### Work request
Transcribe the data below verbatim from the line with "g \<longleftrightarrow> L2w a f" to the line with "(AE x in lborel.". Include both of those lines.

### Dataset extract
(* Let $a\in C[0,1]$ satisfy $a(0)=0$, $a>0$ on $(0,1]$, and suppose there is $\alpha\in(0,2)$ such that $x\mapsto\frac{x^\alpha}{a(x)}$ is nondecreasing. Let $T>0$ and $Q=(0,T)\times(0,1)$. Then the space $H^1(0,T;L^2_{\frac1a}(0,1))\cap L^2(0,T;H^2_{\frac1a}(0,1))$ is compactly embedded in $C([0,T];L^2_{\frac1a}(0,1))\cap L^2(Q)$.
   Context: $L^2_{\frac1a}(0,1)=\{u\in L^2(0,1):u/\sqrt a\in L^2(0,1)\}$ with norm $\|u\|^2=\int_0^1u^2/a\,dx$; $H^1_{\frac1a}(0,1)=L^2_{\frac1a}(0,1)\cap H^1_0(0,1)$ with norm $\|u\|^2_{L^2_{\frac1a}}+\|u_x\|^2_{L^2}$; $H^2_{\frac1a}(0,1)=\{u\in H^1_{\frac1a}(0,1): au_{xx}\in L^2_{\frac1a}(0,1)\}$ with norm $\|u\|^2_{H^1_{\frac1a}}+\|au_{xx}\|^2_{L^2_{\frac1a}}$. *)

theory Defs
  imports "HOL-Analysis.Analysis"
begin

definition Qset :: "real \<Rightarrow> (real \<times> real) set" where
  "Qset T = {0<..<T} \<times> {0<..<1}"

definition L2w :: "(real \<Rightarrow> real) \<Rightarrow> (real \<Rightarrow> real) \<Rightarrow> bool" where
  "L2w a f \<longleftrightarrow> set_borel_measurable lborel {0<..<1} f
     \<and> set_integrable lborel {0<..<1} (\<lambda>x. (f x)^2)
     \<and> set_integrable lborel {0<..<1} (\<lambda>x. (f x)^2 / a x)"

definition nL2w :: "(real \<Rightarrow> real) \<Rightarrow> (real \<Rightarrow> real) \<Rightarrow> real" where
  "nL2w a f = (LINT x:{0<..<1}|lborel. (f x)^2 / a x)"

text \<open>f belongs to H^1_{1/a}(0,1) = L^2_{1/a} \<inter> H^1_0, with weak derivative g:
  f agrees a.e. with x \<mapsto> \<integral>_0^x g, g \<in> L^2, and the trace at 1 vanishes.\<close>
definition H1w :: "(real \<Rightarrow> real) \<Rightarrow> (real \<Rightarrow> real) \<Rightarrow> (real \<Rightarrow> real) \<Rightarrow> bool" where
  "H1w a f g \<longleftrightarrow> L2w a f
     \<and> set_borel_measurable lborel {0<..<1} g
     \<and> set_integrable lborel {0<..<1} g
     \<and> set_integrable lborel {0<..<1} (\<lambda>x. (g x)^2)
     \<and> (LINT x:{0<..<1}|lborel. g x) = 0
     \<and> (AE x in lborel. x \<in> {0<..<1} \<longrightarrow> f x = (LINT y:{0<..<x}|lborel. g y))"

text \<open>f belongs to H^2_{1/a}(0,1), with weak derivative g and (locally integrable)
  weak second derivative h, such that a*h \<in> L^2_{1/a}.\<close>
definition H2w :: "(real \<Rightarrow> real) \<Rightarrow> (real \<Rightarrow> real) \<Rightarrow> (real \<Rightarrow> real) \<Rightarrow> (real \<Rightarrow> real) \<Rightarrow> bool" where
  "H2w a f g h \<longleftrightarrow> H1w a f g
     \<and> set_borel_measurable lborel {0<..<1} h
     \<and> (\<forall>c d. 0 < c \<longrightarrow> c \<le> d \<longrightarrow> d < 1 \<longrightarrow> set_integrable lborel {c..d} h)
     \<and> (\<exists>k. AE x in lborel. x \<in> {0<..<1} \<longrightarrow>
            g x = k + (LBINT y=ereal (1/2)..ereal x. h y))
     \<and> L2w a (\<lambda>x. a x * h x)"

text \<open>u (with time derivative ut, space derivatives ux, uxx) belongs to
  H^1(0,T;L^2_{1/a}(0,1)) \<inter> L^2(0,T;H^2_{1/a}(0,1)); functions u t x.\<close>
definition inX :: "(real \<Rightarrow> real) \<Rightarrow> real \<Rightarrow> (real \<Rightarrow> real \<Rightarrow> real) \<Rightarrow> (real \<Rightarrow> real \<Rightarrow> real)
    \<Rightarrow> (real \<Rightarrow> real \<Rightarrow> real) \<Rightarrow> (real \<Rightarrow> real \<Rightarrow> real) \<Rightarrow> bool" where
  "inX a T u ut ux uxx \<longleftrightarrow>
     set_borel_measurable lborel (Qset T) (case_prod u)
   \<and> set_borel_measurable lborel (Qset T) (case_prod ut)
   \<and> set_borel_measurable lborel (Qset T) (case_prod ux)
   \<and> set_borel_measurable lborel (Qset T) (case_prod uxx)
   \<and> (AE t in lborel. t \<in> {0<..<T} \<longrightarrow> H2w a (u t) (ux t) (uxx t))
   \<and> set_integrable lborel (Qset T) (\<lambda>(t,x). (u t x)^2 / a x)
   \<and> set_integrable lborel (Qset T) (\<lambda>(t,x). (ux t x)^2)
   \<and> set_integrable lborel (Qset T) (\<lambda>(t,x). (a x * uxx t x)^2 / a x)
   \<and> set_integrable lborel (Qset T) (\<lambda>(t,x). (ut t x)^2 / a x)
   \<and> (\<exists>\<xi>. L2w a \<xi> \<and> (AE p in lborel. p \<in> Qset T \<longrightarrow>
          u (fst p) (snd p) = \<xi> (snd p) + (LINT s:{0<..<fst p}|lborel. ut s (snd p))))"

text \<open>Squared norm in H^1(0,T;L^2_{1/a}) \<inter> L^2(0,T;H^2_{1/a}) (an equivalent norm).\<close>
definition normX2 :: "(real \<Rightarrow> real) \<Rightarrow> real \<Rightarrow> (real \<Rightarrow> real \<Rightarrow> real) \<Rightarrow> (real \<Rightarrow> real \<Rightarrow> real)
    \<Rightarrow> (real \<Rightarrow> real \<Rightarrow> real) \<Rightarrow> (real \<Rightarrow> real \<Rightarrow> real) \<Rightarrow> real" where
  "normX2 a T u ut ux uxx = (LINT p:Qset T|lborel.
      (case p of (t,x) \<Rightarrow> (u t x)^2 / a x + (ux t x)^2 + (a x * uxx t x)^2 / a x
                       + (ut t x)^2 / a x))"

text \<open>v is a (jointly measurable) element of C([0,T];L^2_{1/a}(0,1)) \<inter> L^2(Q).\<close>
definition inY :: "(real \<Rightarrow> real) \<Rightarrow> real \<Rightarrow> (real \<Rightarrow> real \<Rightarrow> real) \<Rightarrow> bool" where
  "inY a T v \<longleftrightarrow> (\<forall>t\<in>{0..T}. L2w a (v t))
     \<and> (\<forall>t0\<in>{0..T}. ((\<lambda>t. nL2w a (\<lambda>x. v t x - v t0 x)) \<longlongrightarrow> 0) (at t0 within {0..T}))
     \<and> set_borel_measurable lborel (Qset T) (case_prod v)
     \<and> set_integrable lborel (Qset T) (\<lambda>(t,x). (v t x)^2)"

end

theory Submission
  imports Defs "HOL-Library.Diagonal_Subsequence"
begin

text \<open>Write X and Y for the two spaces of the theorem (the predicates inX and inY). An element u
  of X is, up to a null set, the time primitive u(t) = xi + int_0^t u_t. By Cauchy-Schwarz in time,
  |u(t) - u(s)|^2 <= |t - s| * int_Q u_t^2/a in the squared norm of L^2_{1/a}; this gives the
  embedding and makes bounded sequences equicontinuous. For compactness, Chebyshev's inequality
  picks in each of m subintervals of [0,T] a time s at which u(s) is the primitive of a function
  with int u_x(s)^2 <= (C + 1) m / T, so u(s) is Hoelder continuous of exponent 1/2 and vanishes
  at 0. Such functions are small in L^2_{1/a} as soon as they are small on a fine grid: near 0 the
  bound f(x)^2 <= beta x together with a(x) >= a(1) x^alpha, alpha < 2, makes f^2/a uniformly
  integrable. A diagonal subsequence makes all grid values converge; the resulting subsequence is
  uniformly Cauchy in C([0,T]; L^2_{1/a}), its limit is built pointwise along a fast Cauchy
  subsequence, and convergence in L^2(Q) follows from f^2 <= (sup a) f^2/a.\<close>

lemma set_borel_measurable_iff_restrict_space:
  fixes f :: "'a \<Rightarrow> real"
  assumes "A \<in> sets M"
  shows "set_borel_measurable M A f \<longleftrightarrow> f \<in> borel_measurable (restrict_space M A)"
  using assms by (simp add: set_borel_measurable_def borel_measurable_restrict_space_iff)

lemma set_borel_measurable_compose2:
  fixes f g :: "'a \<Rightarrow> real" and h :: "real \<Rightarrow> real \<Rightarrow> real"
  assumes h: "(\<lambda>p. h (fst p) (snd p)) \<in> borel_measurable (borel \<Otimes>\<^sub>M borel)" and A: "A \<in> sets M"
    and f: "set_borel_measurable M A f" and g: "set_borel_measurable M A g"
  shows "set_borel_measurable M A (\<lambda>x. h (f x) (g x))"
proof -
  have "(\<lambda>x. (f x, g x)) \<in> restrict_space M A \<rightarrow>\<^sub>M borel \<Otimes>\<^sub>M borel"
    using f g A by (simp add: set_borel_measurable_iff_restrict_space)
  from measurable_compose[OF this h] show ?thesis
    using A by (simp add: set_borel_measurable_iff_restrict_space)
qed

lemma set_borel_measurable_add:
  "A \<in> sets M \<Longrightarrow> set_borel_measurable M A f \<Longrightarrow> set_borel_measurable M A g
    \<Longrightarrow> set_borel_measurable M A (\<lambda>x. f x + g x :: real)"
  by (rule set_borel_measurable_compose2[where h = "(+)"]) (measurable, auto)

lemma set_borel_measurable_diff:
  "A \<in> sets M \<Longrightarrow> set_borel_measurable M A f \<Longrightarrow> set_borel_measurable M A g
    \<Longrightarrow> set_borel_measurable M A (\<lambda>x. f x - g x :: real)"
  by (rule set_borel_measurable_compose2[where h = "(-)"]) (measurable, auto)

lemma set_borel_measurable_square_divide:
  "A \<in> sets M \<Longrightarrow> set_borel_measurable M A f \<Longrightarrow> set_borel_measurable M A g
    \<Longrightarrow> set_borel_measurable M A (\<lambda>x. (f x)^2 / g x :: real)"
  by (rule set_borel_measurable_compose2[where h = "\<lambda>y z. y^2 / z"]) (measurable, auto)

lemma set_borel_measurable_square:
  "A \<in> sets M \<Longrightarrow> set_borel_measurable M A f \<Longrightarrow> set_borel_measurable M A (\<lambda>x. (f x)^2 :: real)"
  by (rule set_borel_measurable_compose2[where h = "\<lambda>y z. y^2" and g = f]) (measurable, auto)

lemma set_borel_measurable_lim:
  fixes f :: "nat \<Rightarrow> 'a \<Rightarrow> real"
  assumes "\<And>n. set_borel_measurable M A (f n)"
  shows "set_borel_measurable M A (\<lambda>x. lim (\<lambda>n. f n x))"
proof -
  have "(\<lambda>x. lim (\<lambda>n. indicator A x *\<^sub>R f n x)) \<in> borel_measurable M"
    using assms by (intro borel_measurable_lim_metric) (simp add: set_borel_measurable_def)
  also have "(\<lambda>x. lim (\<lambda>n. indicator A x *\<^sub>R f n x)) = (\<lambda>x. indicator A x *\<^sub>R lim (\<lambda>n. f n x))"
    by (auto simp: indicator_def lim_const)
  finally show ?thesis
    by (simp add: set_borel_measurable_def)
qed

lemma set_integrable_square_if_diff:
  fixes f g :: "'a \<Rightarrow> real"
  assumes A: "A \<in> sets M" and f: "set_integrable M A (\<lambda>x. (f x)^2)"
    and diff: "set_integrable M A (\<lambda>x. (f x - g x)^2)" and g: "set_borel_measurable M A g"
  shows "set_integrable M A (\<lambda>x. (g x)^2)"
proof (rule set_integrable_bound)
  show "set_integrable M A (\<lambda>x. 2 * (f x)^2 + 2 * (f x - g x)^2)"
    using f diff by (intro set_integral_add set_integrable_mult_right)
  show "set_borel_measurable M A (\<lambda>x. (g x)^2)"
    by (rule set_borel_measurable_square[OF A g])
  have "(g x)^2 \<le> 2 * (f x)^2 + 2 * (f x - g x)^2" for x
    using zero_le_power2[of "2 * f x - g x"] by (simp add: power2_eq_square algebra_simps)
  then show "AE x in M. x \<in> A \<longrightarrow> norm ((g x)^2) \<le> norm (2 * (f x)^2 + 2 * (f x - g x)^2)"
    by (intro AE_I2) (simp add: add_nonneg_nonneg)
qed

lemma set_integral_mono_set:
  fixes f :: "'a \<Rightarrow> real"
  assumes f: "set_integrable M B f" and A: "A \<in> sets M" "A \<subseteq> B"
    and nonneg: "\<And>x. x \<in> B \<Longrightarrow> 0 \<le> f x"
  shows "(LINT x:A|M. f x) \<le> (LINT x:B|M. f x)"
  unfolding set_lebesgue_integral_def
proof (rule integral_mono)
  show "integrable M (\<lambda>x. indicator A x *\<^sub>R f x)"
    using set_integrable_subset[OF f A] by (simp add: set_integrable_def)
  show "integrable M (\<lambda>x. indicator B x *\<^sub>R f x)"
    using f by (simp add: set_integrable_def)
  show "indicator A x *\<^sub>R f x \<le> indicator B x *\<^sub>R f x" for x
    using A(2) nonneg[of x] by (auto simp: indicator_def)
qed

==

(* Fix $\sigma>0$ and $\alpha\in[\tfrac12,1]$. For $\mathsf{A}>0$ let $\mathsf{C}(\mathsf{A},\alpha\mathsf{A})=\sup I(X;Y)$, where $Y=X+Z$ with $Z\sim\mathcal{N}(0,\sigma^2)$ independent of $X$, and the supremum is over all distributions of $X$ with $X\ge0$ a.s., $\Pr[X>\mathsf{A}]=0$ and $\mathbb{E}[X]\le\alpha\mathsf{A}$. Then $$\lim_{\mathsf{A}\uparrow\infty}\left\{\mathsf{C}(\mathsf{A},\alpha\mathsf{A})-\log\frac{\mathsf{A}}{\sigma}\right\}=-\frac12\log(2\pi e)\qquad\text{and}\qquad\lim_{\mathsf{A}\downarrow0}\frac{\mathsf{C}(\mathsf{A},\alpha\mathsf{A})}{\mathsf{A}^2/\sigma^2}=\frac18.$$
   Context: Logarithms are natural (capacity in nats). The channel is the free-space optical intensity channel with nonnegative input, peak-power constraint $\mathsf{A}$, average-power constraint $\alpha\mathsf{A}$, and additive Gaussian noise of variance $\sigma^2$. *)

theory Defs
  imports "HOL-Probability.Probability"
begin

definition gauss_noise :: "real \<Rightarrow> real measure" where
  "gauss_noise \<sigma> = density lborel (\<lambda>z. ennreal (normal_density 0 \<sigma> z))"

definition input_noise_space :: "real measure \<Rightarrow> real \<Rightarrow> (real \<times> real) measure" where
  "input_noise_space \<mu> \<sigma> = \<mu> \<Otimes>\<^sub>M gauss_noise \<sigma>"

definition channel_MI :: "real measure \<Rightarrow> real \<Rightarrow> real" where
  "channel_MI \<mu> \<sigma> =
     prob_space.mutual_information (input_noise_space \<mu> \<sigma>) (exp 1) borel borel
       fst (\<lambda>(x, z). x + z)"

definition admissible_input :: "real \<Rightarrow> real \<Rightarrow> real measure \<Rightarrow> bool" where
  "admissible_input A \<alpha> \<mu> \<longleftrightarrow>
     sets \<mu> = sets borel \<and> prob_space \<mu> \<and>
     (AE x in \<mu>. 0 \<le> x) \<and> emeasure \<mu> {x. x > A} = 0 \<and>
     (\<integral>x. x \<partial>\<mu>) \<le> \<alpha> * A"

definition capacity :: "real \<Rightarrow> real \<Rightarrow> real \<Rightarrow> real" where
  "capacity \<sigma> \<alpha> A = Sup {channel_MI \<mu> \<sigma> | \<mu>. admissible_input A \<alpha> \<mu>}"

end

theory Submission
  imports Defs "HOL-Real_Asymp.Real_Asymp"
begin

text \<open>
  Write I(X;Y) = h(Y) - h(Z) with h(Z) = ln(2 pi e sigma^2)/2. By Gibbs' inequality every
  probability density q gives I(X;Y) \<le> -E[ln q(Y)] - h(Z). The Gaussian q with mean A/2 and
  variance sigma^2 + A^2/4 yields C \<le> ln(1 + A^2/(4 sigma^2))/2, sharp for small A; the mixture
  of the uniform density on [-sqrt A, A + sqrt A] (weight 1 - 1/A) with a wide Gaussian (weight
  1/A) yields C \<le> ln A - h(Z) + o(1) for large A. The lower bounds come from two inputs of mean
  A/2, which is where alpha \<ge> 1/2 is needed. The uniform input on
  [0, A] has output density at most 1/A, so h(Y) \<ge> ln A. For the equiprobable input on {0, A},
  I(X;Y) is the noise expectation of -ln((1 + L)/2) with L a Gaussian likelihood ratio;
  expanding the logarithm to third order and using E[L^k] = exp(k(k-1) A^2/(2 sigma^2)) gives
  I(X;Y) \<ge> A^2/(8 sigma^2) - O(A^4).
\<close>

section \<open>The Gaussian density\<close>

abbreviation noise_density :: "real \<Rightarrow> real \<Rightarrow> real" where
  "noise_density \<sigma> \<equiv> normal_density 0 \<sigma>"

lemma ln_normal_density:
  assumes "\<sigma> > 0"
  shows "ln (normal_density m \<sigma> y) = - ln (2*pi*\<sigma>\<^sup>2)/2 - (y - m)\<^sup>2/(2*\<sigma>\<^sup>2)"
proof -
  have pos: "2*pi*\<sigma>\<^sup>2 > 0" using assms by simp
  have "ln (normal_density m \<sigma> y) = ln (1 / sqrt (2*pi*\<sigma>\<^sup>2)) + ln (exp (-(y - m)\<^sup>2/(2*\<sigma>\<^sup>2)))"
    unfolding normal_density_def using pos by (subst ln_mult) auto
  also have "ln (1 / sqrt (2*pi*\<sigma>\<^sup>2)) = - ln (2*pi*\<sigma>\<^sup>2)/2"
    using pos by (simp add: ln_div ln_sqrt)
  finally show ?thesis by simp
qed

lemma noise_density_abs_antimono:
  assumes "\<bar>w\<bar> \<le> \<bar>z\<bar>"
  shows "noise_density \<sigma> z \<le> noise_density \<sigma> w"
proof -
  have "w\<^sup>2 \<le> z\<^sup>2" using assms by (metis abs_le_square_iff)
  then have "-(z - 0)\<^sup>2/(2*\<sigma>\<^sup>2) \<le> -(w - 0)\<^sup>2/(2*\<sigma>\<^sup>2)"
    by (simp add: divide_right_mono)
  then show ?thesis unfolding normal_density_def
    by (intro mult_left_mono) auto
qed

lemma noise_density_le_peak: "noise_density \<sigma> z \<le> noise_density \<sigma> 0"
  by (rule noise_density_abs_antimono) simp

### Completed task
  "H1w a f g \<longleftrightarrow> L2w a f
     \<and> set_borel_measurable lborel {0<..<1} g
     \<and> set_integrable lborel {0<..<1} g
     \<and> set_integrable lborel {0<..<1} (\<lambda>x. (g x)^2)
     \<and> (LINT x:{0<..<1}|lborel. g x) = 0
     \<and> (AE x in lborel. x \<in> {0<..<1} \<longrightarrow> f x = (LINT y:{0<..<x}|lborel. g y))"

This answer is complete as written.